DIRECTIONS FOR THIS TASK |
Only one stretch of the data is wanted: the line containing "powr (3/2) *", the line containing "using assms(3) \<tau>_bounds(3)[OF", and every line between them, copied exactly.

** EXTRACTED INFORMATION follows **

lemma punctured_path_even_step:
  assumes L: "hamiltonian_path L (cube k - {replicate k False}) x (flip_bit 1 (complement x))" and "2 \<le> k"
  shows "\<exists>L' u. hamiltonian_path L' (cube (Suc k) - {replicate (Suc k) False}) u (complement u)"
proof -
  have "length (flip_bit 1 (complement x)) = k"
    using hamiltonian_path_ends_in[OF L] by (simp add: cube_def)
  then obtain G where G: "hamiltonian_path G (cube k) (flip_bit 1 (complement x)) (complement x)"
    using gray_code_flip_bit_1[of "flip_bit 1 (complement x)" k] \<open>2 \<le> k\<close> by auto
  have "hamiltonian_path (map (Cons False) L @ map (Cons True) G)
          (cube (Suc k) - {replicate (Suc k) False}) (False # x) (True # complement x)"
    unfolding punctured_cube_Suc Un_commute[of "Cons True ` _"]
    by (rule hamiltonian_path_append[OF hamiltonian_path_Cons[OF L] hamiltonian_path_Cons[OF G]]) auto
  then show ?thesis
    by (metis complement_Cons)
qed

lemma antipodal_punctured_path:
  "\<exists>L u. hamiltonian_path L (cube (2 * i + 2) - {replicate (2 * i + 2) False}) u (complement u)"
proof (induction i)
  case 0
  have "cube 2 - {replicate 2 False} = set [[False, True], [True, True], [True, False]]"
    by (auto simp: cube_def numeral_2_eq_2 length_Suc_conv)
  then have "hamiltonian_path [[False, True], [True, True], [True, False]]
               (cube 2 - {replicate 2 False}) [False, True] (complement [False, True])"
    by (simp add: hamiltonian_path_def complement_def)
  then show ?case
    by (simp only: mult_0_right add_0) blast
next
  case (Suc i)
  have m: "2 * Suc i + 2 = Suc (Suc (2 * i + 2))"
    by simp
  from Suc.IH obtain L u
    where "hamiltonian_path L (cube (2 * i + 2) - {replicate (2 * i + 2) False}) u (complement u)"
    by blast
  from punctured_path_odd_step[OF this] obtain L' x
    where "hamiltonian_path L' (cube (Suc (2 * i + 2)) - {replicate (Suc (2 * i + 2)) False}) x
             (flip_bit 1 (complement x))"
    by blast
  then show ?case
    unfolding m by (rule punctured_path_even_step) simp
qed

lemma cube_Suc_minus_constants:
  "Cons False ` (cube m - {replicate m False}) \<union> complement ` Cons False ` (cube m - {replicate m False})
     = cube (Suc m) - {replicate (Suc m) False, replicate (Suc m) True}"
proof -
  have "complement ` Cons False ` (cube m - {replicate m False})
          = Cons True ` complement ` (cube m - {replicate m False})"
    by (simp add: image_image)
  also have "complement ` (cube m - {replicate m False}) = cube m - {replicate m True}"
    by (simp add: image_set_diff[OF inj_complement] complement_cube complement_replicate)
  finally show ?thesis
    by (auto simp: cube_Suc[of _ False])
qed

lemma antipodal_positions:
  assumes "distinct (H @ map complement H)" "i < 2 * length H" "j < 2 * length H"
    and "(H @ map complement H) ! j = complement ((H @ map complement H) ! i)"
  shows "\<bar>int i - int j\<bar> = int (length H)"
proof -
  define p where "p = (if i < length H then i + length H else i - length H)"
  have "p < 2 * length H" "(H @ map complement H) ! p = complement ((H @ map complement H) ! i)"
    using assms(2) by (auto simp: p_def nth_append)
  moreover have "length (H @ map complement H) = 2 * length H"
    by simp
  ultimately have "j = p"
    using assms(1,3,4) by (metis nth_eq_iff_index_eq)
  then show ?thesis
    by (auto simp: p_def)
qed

** End of EXTRACTED INFORMATION **
** EXTRACTED INFORMATION follows **

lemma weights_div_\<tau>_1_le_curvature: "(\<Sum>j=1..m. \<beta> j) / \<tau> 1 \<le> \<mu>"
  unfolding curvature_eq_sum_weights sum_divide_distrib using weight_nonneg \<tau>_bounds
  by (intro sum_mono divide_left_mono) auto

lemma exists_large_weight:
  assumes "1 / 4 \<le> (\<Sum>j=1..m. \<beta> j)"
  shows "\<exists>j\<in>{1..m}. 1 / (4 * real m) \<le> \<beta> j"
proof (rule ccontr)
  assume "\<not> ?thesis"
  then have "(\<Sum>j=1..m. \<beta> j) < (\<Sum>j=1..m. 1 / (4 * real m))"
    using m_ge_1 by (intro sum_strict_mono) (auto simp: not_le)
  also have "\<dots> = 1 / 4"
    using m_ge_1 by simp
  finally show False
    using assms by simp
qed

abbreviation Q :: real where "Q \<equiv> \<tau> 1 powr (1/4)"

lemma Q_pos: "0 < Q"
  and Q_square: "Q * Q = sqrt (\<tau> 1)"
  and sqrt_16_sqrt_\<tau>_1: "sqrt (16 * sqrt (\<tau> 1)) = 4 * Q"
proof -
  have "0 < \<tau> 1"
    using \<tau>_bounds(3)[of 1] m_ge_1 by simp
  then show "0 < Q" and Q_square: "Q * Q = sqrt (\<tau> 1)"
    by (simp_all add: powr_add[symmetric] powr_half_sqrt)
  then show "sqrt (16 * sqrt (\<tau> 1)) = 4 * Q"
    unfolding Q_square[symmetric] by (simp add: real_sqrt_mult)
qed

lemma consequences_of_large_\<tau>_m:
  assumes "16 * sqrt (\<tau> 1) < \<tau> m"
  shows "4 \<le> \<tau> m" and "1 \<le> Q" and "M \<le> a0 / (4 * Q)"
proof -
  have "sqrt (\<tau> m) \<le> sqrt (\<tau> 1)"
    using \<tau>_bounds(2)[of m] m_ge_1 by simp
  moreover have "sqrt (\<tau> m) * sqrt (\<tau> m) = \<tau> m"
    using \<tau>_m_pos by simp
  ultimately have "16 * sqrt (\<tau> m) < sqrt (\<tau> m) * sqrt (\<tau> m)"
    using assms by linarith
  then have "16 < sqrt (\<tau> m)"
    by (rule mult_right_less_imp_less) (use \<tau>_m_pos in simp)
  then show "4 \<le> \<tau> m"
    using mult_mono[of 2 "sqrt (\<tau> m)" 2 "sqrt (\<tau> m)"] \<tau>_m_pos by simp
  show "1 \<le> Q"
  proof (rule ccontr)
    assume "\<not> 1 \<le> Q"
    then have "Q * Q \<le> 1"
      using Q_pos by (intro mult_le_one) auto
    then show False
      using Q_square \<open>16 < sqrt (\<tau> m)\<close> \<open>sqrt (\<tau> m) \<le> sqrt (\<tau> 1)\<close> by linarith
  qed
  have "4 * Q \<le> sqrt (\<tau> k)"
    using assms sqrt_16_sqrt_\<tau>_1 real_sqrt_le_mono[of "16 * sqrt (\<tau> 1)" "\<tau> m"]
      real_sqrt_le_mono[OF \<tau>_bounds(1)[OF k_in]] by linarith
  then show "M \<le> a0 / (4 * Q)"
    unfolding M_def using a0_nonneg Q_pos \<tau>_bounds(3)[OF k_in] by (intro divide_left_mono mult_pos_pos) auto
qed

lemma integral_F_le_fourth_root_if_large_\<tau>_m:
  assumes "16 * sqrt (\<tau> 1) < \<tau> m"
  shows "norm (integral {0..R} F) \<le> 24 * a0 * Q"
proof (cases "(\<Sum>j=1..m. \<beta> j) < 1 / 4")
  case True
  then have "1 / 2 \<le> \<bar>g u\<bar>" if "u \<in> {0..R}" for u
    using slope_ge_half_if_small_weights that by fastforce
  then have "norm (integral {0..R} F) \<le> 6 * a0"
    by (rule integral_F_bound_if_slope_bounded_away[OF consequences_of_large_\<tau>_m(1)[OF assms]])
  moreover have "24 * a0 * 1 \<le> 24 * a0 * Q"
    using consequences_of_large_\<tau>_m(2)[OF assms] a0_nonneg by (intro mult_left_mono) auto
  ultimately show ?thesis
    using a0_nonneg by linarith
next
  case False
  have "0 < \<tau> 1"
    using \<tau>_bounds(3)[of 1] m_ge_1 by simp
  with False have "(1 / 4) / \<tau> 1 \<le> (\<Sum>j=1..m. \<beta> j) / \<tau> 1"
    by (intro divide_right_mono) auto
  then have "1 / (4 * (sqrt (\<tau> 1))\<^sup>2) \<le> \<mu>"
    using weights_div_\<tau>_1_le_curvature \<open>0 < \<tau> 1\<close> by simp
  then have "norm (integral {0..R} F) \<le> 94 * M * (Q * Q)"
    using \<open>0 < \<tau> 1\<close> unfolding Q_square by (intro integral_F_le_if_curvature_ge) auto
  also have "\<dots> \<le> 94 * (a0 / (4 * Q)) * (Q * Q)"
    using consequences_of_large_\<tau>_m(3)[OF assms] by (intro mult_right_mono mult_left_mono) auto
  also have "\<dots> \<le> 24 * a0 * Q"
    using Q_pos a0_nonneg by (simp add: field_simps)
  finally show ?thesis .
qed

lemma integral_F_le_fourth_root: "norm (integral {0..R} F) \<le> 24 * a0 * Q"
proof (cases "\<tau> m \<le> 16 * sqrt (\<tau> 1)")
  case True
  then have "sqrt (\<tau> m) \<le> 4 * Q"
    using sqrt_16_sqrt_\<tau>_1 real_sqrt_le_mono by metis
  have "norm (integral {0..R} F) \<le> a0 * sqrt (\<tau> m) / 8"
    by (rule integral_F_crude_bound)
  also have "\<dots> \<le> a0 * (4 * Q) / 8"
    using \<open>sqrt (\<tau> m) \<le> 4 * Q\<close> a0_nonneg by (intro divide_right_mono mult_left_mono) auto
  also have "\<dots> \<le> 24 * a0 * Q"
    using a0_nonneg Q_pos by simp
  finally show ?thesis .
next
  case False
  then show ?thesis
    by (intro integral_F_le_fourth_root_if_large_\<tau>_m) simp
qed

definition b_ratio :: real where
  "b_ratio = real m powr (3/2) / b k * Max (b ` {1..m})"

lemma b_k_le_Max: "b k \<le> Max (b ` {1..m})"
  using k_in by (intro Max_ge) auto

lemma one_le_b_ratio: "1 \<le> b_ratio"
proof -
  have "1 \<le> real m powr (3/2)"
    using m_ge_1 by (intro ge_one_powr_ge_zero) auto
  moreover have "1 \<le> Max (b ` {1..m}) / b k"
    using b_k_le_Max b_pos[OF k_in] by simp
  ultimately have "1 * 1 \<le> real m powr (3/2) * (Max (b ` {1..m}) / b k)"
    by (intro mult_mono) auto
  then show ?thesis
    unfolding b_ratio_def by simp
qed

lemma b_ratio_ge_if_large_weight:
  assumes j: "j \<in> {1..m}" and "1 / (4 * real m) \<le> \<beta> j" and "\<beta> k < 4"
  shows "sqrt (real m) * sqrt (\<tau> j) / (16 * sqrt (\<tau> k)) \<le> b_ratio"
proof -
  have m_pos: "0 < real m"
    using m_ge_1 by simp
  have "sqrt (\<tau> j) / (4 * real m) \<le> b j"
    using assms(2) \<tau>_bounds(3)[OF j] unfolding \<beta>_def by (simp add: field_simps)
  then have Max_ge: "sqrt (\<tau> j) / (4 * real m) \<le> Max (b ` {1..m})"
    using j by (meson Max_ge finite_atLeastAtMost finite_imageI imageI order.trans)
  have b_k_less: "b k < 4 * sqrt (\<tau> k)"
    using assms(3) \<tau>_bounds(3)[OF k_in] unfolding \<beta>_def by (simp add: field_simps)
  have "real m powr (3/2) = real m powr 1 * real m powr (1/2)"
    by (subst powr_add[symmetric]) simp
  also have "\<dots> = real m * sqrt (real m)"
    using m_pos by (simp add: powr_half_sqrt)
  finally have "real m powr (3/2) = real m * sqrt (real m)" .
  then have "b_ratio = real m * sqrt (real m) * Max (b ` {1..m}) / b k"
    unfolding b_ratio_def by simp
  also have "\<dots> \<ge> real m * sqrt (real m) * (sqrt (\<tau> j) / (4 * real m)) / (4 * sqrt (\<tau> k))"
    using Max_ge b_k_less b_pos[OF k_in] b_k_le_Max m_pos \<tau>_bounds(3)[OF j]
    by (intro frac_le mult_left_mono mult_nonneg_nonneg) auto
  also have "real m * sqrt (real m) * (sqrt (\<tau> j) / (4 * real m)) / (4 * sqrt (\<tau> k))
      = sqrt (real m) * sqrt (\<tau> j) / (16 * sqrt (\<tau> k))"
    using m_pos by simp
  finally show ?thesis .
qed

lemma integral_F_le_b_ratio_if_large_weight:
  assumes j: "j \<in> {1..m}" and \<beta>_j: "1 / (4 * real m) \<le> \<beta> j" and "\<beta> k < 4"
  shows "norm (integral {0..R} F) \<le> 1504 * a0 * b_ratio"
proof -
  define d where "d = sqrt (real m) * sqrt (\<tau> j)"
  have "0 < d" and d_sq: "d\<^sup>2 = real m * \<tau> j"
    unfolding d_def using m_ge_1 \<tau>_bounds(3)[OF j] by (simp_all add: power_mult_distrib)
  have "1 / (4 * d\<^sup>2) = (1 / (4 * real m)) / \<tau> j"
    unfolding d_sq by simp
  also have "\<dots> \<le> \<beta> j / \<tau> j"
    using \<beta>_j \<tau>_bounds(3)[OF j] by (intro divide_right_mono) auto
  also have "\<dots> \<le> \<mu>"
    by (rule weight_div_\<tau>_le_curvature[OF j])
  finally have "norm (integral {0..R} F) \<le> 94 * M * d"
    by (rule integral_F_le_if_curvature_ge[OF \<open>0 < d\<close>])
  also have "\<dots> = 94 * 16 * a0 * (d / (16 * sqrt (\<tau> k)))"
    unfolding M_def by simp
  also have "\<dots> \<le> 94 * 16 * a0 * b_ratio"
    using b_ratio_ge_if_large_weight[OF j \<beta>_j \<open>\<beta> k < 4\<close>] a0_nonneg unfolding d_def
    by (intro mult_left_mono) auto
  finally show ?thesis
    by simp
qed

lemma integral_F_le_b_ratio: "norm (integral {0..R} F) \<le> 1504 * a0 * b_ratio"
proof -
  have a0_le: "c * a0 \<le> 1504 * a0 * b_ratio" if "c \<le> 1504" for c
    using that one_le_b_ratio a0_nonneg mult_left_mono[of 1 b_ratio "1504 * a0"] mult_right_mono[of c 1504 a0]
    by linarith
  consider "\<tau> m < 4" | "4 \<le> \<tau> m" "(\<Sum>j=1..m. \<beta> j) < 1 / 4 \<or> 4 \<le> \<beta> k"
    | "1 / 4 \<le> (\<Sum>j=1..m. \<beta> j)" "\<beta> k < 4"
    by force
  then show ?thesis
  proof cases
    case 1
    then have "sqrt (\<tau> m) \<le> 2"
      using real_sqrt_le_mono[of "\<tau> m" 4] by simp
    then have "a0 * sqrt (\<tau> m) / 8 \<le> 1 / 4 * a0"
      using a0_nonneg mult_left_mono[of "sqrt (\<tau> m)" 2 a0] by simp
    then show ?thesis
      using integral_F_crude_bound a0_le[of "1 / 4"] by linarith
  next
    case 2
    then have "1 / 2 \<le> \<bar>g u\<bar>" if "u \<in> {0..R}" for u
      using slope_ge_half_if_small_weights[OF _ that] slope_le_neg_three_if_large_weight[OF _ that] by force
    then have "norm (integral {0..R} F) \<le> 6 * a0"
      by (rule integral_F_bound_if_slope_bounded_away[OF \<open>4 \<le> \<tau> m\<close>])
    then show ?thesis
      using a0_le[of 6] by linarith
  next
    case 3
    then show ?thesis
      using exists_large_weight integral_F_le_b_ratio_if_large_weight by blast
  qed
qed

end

** End of EXTRACTED INFORMATION **

ANSWER SPACE |
  ultimately have "1 * 1 \<le> real m powr (3/2) * (Max (b ` {1..m}) / b k)"
    by (intro mult_mono) auto
  then show ?thesis
    unfolding b_ratio_def by simp
qed

lemma b_ratio_ge_if_large_weight:
  assumes j: "j \<in> {1..m}" and "1 / (4 * real m) \<le> \<beta> j" and "\<beta> k < 4"
  shows "sqrt (real m) * sqrt (\<tau> j) / (16 * sqrt (\<tau> k)) \<le> b_ratio"
proof -
  have m_pos: "0 < real m"
    using m_ge_1 by simp
  have "sqrt (\<tau> j) / (4 * real m) \<le> b j"
    using assms(2) \<tau>_bounds(3)[OF j] unfolding \<beta>_def by (simp add: field_simps)
  then have Max_ge: "sqrt (\<tau> j) / (4 * real m) \<le> Max (b ` {1..m})"
    using j by (meson Max_ge finite_atLeastAtMost finite_imageI imageI order.trans)
  have b_k_less: "b k < 4 * sqrt (\<tau> k)"
    using assms(3) \<tau>_bounds(3)[OF k_in] unfolding \<beta>_def by (simp add: field_simps)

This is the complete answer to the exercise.